Thursday, August 5, 2010

How Marketing Your Own Offering is Like Cleaning Your Own Kitchen

After nearly 25 years of a/b tests, research data, and experience, it's a no-brainer to fix anyone's marketing. Anyone's but my own.

Why is that? Does it happen to other people? I hope so (because otherwise I'll really feel like an idiot.)

I can look at your site (or your marketing) and tell you precisely where you are missing the mark. It's so easy. Change this headline, move that form, alter that price, and here's your main benefit baby!

But now, here I am with a site launch of my own and it's absolutely agonizing. I do my best. Then we go live. My friends and colleagues start emailing me in response. What about this? How about that? OMG, now I see how to fix it! Call the web team, get them back to work pronto! No weekends off for anybody.
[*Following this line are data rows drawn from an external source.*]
(* Let $A$ be a finite set, $n\in\mathbb{N}$ and $r>0$. If $\mu\in\Pr(A^n)$ does not satisfy $\mathrm{T}(rn/200,r)$, then there is a fuzzy partition $(\rho_1,\rho_2)$ on $A^n$ such that $\mathrm{I}_\mu(\rho_1,\rho_2)\ge r^2n^{-1}e^{-n}$ and $$\langle\rho_1\rangle\,\mathrm{DTC}(\mu_{|\rho_1})+\langle\rho_2\rangle\,\mathrm{DTC}(\mu_{|\rho_2})\le\mathrm{DTC}(\mu)-\tfrac12\mathrm{I}_\mu(\rho_1,\rho_2).$$
   Context: $\langle\cdot\rangle$ denotes integration with respect to $\mu$. A fuzzy partition is a tuple of functions $A^n\to[0,1]$ summing to $1$. $\mu_{|\rho}:=\rho\mu/\langle\rho\rangle$ (a term $\langle\rho\rangle\,\mathrm{DTC}(\mu_{|\rho})$ with $\langle\rho\rangle=0$ is read as $0$). $\mathrm{I}_\mu(\rho_1,\dots,\rho_k)=\sum_j\langle\rho_j\rangle\mathrm{D}(\mu_{|\rho_j}\|\mu)$, the mutual information between $\xi\sim\mu$ and a label $\zeta$ with $\mathbb{P}(\zeta=j,\xi=\mathbf x)=\rho_j(\mathbf x)\mu(\mathbf x)$. For $\xi=(\xi_1,\dots,\xi_n)\sim\mu$, $\mathrm{DTC}(\mu)=\mathrm{H}(\xi)-\sum_i\mathrm{H}(\xi_i|\xi_{[n]\setminus\{i\}})$. $A^n$ has normalized Hamming metric $d_n$, with transportation metric $\overline{d_n}$; $\mu$ satisfies $\mathrm{T}(\kappa,r)$ if $\overline{d_n}(\nu,\mu)\le\frac1\kappa\mathrm{D}(\nu\|\mu)+r$ for all $\nu\in\Pr(A^n)$, $\mathrm{D}$ being KL divergence. *)

theory Defs
  imports Complex_Main "HOL-Library.FuncSet"
begin

text \<open>The finite alphabet A is a finite type 'a. Words of length n are functions
  nat => 'a, extensional outside {..<n}. Measures on A^n are real-valued functions
  on words, supported on the word space. Logarithms are natural.\<close>

definition words :: "nat \<Rightarrow> (nat \<Rightarrow> 'a) set" where
  "words n = PiE {..<n} (\<lambda>_. UNIV)"

definition is_prob :: "nat \<Rightarrow> ((nat \<Rightarrow> 'a::finite) \<Rightarrow> real) \<Rightarrow> bool" where
  "is_prob n \<mu> \<longleftrightarrow> (\<forall>x. 0 \<le> \<mu> x) \<and> (\<forall>x. x \<notin> words n \<longrightarrow> \<mu> x = 0)
     \<and> (\<Sum>x\<in>words n. \<mu> x) = 1"

definition hamming :: "nat \<Rightarrow> (nat \<Rightarrow> 'a) \<Rightarrow> (nat \<Rightarrow> 'a) \<Rightarrow> real" where
  "hamming n x y = real (card {i. i < n \<and> x i \<noteq> y i}) / real n"

definition coupling :: "nat \<Rightarrow> ((nat \<Rightarrow> 'a::finite) \<times> (nat \<Rightarrow> 'a) \<Rightarrow> real)
   \<Rightarrow> ((nat \<Rightarrow> 'a) \<Rightarrow> real) \<Rightarrow> ((nat \<Rightarrow> 'a) \<Rightarrow> real) \<Rightarrow> bool" where
  "coupling n \<pi> \<nu> \<mu> \<longleftrightarrow> (\<forall>z. 0 \<le> \<pi> z) \<and> (\<forall>z. z \<notin> words n \<times> words n \<longrightarrow> \<pi> z = 0)
     \<and> (\<forall>x\<in>words n. (\<Sum>y\<in>words n. \<pi> (x, y)) = \<nu> x)
     \<and> (\<forall>y\<in>words n. (\<Sum>x\<in>words n. \<pi> (x, y)) = \<mu> y)"

definition transport_dist :: "nat \<Rightarrow> ((nat \<Rightarrow> 'a::finite) \<Rightarrow> real) \<Rightarrow> ((nat \<Rightarrow> 'a) \<Rightarrow> real) \<Rightarrow> real" where
  "transport_dist n \<nu> \<mu> = Inf {(\<Sum>z\<in>words n \<times> words n. \<pi> z * hamming n (fst z) (snd z)) | \<pi>. coupling n \<pi> \<nu> \<mu>}"

text \<open>KL divergence (finite when \<nu> is absolutely continuous w.r.t. \<mu>; with 0 ln 0 = 0).\<close>
definition abs_cont :: "nat \<Rightarrow> ((nat \<Rightarrow> 'a) \<Rightarrow> real) \<Rightarrow> ((nat \<Rightarrow> 'a) \<Rightarrow> real) \<Rightarrow> bool" where
  "abs_cont n \<nu> \<mu> \<longleftrightarrow> (\<forall>x\<in>words n. \<mu> x = 0 \<longrightarrow> \<nu> x = 0)"

definition KL :: "nat \<Rightarrow> ((nat \<Rightarrow> 'a::finite) \<Rightarrow> real) \<Rightarrow> ((nat \<Rightarrow> 'a) \<Rightarrow> real) \<Rightarrow> real" where
  "KL n \<nu> \<mu> = (\<Sum>x\<in>words n. \<nu> x * ln (\<nu> x / \<mu> x))"

text \<open>T(kappa, r); when \<nu> is not absolutely continuous, D = infinity and the inequality is trivial.\<close>
definition transport_ineq :: "nat \<Rightarrow> ((nat \<Rightarrow> 'a::finite) \<Rightarrow> real) \<Rightarrow> real \<Rightarrow> real \<Rightarrow> bool" where
  "transport_ineq n \<mu> \<kappa> r \<longleftrightarrow> (\<forall>\<nu>. is_prob n \<nu> \<longrightarrow> abs_cont n \<nu> \<mu> \<longrightarrow>
      transport_dist n \<nu> \<mu> \<le> (1 / \<kappa>) * KL n \<nu> \<mu> + r)"

definition entropy :: "nat \<Rightarrow> ((nat \<Rightarrow> 'a::finite) \<Rightarrow> real) \<Rightarrow> real" where
  "entropy n \<mu> = - (\<Sum>x\<in>words n. \<mu> x * ln (\<mu> x))"

definition marg_off :: "nat \<Rightarrow> nat \<Rightarrow> ((nat \<Rightarrow> 'a::finite) \<Rightarrow> real) \<Rightarrow> (nat \<Rightarrow> 'a) \<Rightarrow> real" where
  "marg_off n i \<mu> x = (\<Sum>y\<in>{y\<in>words n. \<forall>j. j \<noteq> i \<longrightarrow> y j = x j}. \<mu> y)"

definition cond_entropy :: "nat \<Rightarrow> nat \<Rightarrow> ((nat \<Rightarrow> 'a::finite) \<Rightarrow> real) \<Rightarrow> real" where
  "cond_entropy n i \<mu> = - (\<Sum>x\<in>words n. \<mu> x * ln (\<mu> x / marg_off n i \<mu> x))"

definition DTC :: "nat \<Rightarrow> ((nat \<Rightarrow> 'a::finite) \<Rightarrow> real) \<Rightarrow> real" where
  "DTC n \<mu> = entropy n \<mu> - (\<Sum>i<n. cond_entropy n i \<mu>)"

definition fuzzy_partition2 :: "nat \<Rightarrow> ((nat \<Rightarrow> 'a) \<Rightarrow> real) \<Rightarrow> ((nat \<Rightarrow> 'a) \<Rightarrow> real) \<Rightarrow> bool" where
  "fuzzy_partition2 n \<rho>1 \<rho>2 \<longleftrightarrow> (\<forall>x\<in>words n. 0 \<le> \<rho>1 x \<and> \<rho>1 x \<le> 1 \<and> 0 \<le> \<rho>2 x \<and> \<rho>2 x \<le> 1
      \<and> \<rho>1 x + \<rho>2 x = 1)"

definition integ :: "nat \<Rightarrow> ((nat \<Rightarrow> 'a::finite) \<Rightarrow> real) \<Rightarrow> ((nat \<Rightarrow> 'a) \<Rightarrow> real) \<Rightarrow> real" where
  "integ n \<mu> \<rho> = (\<Sum>x\<in>words n. \<rho> x * \<mu> x)"

definition cond_meas :: "nat \<Rightarrow> ((nat \<Rightarrow> 'a::finite) \<Rightarrow> real) \<Rightarrow> ((nat \<Rightarrow> 'a) \<Rightarrow> real) \<Rightarrow> (nat \<Rightarrow> 'a) \<Rightarrow> real" where
  "cond_meas n \<mu> \<rho> x = \<rho> x * \<mu> x / integ n \<mu> \<rho>"

definition mutual_info2 :: "nat \<Rightarrow> ((nat \<Rightarrow> 'a::finite) \<Rightarrow> real) \<Rightarrow> ((nat \<Rightarrow> 'a) \<Rightarrow> real) \<Rightarrow> ((nat \<Rightarrow> 'a) \<Rightarrow> real) \<Rightarrow> real" where
  "mutual_info2 n \<mu> \<rho>1 \<rho>2 =
     integ n \<mu> \<rho>1 * KL n (cond_meas n \<mu> \<rho>1) \<mu> + integ n \<mu> \<rho>2 * KL n (cond_meas n \<mu> \<rho>2) \<mu>"

end

theory Submission
  imports Defs
begin

text \<open>
  Kantorovich duality (derived here from
  Farkas' lemma) turns a measure \<open>\<nu>\<close> witnessing the failure into a potential \<open>g\<close> that is
  \<open>1\<close>-Lipschitz for the Hamming distance and takes values in \<open>[-1, 0]\<close>, and the
  Donsker--Varadhan inequality shows \<open>ln \<langle>e\<^bsup>\<kappa> g\<^esup>\<rangle> > \<kappa> (\<langle>g\<rangle> + r)\<close>. Against the quadratic bound
  \<open>ln \<langle>e\<^bsup>t g\<^esup>\<rangle> \<le> t \<langle>g\<rangle> + t\<^sup>2 / 2\<close> the mean value theorem finds \<open>t \<in> [r, \<kappa>]\<close> at which the
  tilted measure \<open>e\<^bsup>t g\<^esup> \<mu> / \<langle>e\<^bsup>t g\<^esup>\<rangle>\<close> is at divergence at least \<open>100 t\<^sup>2 / n\<close> from \<open>\<mu>\<close>.

  The fuzzy partition is \<open>\<rho>\<^sub>1 = e\<^bsup>t g\<^esup> / 2\<close>, \<open>\<rho>\<^sub>2 = 1 - \<rho>\<^sub>1\<close>; its mutual information is at least
  \<open>\<langle>\<rho>\<^sub>1\<rangle>\<close> times that divergence, and \<open>\<langle>\<rho>\<^sub>1\<rangle> \<ge> e\<^bsup>-n\<^esup> / 2\<close>. The dual total correlation splits
  exactly as \<open>\<Sum>\<^sub>j \<langle>\<rho>\<^sub>j\<rangle> DTC(\<mu>\<^bsub>|\<rho>\<^sub>j\<^esub>) = DTC(\<mu>) - I + \<Sum>\<^sub>i I(\<zeta>; \<xi>\<^sub>i | \<xi>\<^bsub>[n] - {i}\<^esub>)\<close>, and because \<open>g\<close>
  moves by at most \<open>1 / n\<close> when one coordinate changes, \<open>\<rho>\<^sub>1\<close> is nearly constant on each
  fibre, so every conditional term is at most \<open>32 (t / n)\<^sup>2 \<langle>\<rho>\<^sub>1\<rangle>\<close>; their sum is at most \<open>I / 2\<close>.
\<close>

section \<open>Farkas' lemma by Fourier--Motzkin elimination\<close>

text \<open>Eliminating the variable \<open>j\<close> keeps the rows not involving
  \<open>x j\<close> and adds, for each pair of rows with opposite signs at \<open>j\<close>, the positive
  combination of the two in which \<open>x j\<close> cancels.\<close>

definition lin_feasible :: "'j set \<Rightarrow> (('j \<Rightarrow> real) \<times> real) set \<Rightarrow> bool" where
  "lin_feasible J S \<longleftrightarrow> (\<exists>x. \<forall>s\<in>S. (\<Sum>k\<in>J. fst s k * x k) \<le> snd s)"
For my own products, my marketing eyesight is a little off... like I'm farsighted and squinting to see something that's way too close to me. It's awkward. Part of it's humility. I'm embarrassed bragging about my own stuff, it even feels a bit distasteful. (I think it's easier for men - at least based on the men in my field.) Part of it is I'm crap at pricing. (It's a joke among my advisory board - take Anne's price and double it and that's maybe where it should be.)

The weird thing is, during all this awkwardness, when I'm realizing how bad I am at marketing my own stuff, I'm doing favors, helping other friends and colleagues with their sites. And that's so EASY. I'm swift, deft, and authoritative. It's all based on research data -- my marketing brain's been percolated in research for so many years that I probably don't have a thought there's not a study to support. It's all rock solid. They change things based on my advice, they make more money. Duh.

Just ask me to do it for myself. OMG.

There's this saying that my girlfriends and I have -- it's a million times easier to clean another woman's kitchen than your own.

I think it's true for marketing too.

1 comment:

  1. This makes perfect sense to me. The expertise that you bring to bear on others' sites is very much like a high-level editing service. Even the best writers in the world still require the services of a good editor. When you are too close to a project, you are simply unable (no matter how formidable is your underlying experience)to view it in a truly objective manner.